_The problem_
Report back every line below that carries the word "sets".

_Data_
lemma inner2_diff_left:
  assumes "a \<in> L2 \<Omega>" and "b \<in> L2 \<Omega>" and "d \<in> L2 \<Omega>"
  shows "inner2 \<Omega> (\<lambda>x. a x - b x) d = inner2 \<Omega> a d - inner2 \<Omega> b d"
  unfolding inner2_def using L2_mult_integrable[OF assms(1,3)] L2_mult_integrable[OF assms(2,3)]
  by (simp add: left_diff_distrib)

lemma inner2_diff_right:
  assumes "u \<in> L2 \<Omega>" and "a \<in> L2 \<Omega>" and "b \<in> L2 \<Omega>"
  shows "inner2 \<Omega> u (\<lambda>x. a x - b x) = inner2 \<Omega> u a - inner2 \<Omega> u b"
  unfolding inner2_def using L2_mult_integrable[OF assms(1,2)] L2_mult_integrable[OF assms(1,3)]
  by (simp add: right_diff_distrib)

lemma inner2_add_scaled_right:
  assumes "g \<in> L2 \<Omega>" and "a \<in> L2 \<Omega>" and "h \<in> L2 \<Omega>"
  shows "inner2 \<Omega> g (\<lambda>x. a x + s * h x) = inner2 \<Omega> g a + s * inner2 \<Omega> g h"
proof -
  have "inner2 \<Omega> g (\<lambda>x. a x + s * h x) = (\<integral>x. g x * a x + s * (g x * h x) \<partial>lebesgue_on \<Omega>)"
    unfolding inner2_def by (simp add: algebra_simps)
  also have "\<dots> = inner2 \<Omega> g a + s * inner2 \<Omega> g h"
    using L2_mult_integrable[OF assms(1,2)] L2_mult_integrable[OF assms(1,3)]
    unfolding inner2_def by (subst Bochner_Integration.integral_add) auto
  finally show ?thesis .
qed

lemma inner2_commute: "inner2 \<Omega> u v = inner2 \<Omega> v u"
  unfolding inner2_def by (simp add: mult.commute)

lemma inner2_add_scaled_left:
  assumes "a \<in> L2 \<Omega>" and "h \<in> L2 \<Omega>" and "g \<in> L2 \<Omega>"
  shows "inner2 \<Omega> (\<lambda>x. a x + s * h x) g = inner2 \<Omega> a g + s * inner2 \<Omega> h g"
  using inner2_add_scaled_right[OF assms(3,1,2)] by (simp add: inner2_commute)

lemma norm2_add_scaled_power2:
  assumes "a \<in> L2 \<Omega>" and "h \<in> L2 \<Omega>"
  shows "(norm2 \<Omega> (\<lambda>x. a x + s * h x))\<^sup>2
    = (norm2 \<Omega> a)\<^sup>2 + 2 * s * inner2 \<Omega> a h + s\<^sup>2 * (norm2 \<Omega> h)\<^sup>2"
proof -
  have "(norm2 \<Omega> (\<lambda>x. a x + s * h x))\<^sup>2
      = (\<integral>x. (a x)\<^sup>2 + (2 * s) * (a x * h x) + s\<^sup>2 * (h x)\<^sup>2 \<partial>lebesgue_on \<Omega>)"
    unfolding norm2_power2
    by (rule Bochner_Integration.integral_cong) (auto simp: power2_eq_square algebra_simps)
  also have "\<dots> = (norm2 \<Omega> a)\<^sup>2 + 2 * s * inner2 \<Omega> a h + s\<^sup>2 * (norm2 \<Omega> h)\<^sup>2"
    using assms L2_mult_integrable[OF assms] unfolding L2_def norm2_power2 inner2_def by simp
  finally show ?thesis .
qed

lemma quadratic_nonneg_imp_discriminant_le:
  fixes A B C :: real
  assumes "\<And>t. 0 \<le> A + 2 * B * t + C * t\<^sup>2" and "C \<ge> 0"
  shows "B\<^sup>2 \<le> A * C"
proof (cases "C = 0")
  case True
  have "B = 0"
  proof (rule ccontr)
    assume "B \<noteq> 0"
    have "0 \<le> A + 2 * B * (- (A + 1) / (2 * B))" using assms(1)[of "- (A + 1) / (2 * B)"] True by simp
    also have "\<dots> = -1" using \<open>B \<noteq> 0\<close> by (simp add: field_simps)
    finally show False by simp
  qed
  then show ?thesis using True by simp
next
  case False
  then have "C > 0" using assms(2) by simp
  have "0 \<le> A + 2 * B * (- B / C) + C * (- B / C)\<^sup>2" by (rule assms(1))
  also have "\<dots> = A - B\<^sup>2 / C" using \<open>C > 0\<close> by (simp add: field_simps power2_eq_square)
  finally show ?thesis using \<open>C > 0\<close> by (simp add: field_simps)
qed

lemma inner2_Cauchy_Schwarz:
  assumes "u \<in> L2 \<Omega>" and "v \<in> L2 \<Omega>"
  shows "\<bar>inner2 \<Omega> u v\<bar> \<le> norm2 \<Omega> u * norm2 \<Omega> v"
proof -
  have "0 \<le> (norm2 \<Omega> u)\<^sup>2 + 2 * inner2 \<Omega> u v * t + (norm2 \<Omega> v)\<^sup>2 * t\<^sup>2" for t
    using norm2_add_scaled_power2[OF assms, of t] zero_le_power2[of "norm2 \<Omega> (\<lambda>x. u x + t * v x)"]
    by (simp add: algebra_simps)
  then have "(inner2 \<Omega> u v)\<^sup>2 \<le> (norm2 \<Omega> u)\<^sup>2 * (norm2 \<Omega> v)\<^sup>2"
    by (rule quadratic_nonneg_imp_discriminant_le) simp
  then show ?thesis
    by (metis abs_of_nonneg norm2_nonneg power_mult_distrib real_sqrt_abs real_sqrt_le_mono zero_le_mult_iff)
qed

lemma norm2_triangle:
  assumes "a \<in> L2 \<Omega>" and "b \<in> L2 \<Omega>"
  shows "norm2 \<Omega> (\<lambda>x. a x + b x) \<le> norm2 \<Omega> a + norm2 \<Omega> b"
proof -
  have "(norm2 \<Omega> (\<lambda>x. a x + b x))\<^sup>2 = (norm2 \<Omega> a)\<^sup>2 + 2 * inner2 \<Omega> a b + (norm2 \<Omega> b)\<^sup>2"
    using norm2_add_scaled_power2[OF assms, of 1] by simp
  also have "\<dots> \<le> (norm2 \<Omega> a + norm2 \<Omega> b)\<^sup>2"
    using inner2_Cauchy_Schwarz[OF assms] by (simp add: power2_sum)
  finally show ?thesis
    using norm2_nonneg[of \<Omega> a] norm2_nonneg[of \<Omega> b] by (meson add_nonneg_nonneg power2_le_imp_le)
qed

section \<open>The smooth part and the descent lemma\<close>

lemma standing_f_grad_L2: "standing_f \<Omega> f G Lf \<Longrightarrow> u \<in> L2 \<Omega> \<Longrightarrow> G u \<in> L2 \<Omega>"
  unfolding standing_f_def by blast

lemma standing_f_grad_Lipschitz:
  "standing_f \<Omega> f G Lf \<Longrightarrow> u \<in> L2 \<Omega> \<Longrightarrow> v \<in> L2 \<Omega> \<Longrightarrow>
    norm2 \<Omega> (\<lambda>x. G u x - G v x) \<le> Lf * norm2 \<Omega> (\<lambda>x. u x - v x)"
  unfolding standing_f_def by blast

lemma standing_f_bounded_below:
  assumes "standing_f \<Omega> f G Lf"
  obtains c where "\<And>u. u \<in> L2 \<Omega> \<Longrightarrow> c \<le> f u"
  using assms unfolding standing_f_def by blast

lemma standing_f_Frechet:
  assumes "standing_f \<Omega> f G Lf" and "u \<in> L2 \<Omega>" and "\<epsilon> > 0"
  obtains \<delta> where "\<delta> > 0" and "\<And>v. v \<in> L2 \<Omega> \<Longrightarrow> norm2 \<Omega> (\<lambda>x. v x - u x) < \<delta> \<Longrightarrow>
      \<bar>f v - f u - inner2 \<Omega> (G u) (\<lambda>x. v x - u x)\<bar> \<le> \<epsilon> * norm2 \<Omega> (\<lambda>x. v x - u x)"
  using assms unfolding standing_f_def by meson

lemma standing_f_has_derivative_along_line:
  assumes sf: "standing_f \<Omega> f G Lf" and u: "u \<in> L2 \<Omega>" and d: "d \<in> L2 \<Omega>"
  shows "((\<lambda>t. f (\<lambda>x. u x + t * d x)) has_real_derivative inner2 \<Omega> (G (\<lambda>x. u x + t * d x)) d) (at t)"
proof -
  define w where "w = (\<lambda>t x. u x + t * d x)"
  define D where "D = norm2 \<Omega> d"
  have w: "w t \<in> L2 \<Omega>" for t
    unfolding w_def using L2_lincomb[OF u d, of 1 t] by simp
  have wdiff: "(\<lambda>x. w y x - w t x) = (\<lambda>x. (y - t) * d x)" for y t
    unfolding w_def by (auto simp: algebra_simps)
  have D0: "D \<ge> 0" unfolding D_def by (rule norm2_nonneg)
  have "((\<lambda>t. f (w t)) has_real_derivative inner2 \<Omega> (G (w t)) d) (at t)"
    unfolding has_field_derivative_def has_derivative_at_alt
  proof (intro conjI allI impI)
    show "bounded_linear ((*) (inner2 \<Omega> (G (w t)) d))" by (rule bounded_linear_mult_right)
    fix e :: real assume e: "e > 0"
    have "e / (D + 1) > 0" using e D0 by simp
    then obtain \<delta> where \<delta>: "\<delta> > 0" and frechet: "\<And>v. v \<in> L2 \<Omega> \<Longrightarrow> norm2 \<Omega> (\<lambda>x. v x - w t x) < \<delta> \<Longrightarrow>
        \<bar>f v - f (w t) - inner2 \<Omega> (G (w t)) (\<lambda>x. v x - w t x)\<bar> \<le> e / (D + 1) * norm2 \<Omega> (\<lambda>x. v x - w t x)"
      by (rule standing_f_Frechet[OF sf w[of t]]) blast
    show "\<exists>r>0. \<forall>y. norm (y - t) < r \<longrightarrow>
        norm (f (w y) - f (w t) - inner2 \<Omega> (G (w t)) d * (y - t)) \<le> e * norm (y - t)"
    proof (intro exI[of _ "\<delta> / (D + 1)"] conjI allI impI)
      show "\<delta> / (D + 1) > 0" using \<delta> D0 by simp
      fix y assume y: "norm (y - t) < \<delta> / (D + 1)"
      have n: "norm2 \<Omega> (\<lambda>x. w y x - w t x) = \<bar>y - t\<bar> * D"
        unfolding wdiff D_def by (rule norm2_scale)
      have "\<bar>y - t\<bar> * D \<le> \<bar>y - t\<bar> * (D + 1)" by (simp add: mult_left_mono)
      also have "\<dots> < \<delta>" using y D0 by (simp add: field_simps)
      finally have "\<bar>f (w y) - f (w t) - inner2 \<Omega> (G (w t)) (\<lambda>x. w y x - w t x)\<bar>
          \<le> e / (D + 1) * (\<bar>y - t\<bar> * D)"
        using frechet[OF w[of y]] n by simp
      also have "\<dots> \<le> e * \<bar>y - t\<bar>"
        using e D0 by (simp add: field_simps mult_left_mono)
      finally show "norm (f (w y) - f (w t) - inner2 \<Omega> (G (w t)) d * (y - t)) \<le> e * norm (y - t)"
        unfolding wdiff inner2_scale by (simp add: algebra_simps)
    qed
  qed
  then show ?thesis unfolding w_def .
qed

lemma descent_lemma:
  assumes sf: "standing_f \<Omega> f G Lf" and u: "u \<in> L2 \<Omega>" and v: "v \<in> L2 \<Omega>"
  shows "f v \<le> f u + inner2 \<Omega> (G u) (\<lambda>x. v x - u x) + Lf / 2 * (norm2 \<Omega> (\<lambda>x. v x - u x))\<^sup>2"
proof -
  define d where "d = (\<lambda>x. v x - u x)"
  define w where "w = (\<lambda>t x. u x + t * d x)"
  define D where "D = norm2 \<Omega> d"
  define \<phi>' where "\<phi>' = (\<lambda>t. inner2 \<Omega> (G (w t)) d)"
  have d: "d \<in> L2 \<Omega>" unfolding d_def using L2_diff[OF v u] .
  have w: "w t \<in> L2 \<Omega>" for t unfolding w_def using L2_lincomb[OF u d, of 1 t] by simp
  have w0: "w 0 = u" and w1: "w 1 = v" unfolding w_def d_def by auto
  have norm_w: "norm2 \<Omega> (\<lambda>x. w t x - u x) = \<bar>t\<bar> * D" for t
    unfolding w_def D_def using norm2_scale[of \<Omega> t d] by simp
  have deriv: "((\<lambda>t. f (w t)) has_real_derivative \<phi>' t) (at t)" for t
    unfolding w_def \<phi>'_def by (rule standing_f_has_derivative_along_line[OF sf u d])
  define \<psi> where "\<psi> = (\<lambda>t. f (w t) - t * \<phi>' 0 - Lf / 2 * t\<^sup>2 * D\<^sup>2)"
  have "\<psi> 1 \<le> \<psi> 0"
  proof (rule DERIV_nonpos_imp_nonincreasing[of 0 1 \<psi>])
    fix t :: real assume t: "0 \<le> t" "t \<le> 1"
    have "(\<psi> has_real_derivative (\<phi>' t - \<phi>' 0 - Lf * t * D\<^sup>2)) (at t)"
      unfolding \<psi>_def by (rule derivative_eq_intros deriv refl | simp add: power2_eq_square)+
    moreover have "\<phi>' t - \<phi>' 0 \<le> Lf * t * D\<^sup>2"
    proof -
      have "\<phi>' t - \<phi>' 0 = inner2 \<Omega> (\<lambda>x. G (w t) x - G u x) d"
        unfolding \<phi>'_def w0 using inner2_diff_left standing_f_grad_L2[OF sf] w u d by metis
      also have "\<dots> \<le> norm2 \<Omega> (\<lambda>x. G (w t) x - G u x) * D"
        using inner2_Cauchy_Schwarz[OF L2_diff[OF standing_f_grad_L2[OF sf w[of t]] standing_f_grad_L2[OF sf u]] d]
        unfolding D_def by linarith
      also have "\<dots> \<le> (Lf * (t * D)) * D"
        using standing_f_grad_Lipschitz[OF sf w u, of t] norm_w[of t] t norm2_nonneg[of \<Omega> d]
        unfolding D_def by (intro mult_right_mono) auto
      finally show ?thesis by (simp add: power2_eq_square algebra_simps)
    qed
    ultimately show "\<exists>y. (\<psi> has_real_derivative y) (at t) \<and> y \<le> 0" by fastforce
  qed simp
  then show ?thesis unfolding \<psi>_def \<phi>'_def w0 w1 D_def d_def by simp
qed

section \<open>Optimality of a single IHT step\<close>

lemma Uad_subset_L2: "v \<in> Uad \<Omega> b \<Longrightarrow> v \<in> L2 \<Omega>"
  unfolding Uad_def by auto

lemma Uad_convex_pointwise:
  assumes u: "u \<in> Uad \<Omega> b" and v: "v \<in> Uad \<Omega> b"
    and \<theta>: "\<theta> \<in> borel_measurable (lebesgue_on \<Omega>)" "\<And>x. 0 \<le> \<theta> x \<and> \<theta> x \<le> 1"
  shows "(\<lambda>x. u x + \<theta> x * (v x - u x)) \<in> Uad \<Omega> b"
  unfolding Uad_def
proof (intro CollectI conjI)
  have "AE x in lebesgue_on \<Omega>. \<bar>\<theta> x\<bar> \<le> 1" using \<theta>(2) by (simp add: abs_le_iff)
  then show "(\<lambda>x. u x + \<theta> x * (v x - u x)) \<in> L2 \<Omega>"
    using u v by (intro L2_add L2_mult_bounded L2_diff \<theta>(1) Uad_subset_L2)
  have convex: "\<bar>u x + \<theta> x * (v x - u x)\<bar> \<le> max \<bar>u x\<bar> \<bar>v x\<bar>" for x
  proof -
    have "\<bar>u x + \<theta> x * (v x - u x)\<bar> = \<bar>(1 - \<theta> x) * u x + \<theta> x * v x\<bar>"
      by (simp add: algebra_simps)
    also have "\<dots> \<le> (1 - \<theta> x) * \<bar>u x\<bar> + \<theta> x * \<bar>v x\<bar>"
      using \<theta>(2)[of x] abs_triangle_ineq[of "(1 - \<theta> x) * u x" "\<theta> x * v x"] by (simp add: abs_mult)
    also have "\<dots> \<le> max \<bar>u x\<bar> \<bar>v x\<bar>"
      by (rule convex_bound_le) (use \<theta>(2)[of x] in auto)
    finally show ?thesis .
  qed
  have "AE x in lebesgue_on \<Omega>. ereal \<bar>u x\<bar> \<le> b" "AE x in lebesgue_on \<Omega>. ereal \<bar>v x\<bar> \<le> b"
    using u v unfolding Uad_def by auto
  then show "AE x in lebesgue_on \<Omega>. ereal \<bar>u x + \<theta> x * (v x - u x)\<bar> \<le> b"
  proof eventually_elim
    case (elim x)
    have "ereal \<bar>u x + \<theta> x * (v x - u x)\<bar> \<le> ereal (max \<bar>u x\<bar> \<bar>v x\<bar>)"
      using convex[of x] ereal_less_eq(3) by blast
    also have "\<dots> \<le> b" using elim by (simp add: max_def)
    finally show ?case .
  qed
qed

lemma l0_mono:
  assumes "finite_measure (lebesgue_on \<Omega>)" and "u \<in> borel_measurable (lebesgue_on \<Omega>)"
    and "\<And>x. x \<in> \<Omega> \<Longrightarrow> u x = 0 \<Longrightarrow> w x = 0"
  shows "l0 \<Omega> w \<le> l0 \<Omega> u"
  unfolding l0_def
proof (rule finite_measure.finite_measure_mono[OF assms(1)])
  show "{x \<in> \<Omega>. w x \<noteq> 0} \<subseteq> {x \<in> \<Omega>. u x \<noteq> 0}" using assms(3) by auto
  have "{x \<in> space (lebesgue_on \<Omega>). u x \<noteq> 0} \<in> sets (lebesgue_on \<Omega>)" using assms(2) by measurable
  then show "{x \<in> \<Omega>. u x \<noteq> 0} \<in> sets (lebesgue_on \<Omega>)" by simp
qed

_Response area_
  have "{x \<in> space (lebesgue_on \<Omega>). u x \<noteq> 0} \<in> sets (lebesgue_on \<Omega>)" using assms(2) by measurable
  then show "{x \<in> \<Omega>. u x \<noteq> 0} \<in> sets (lebesgue_on \<Omega>)" by simp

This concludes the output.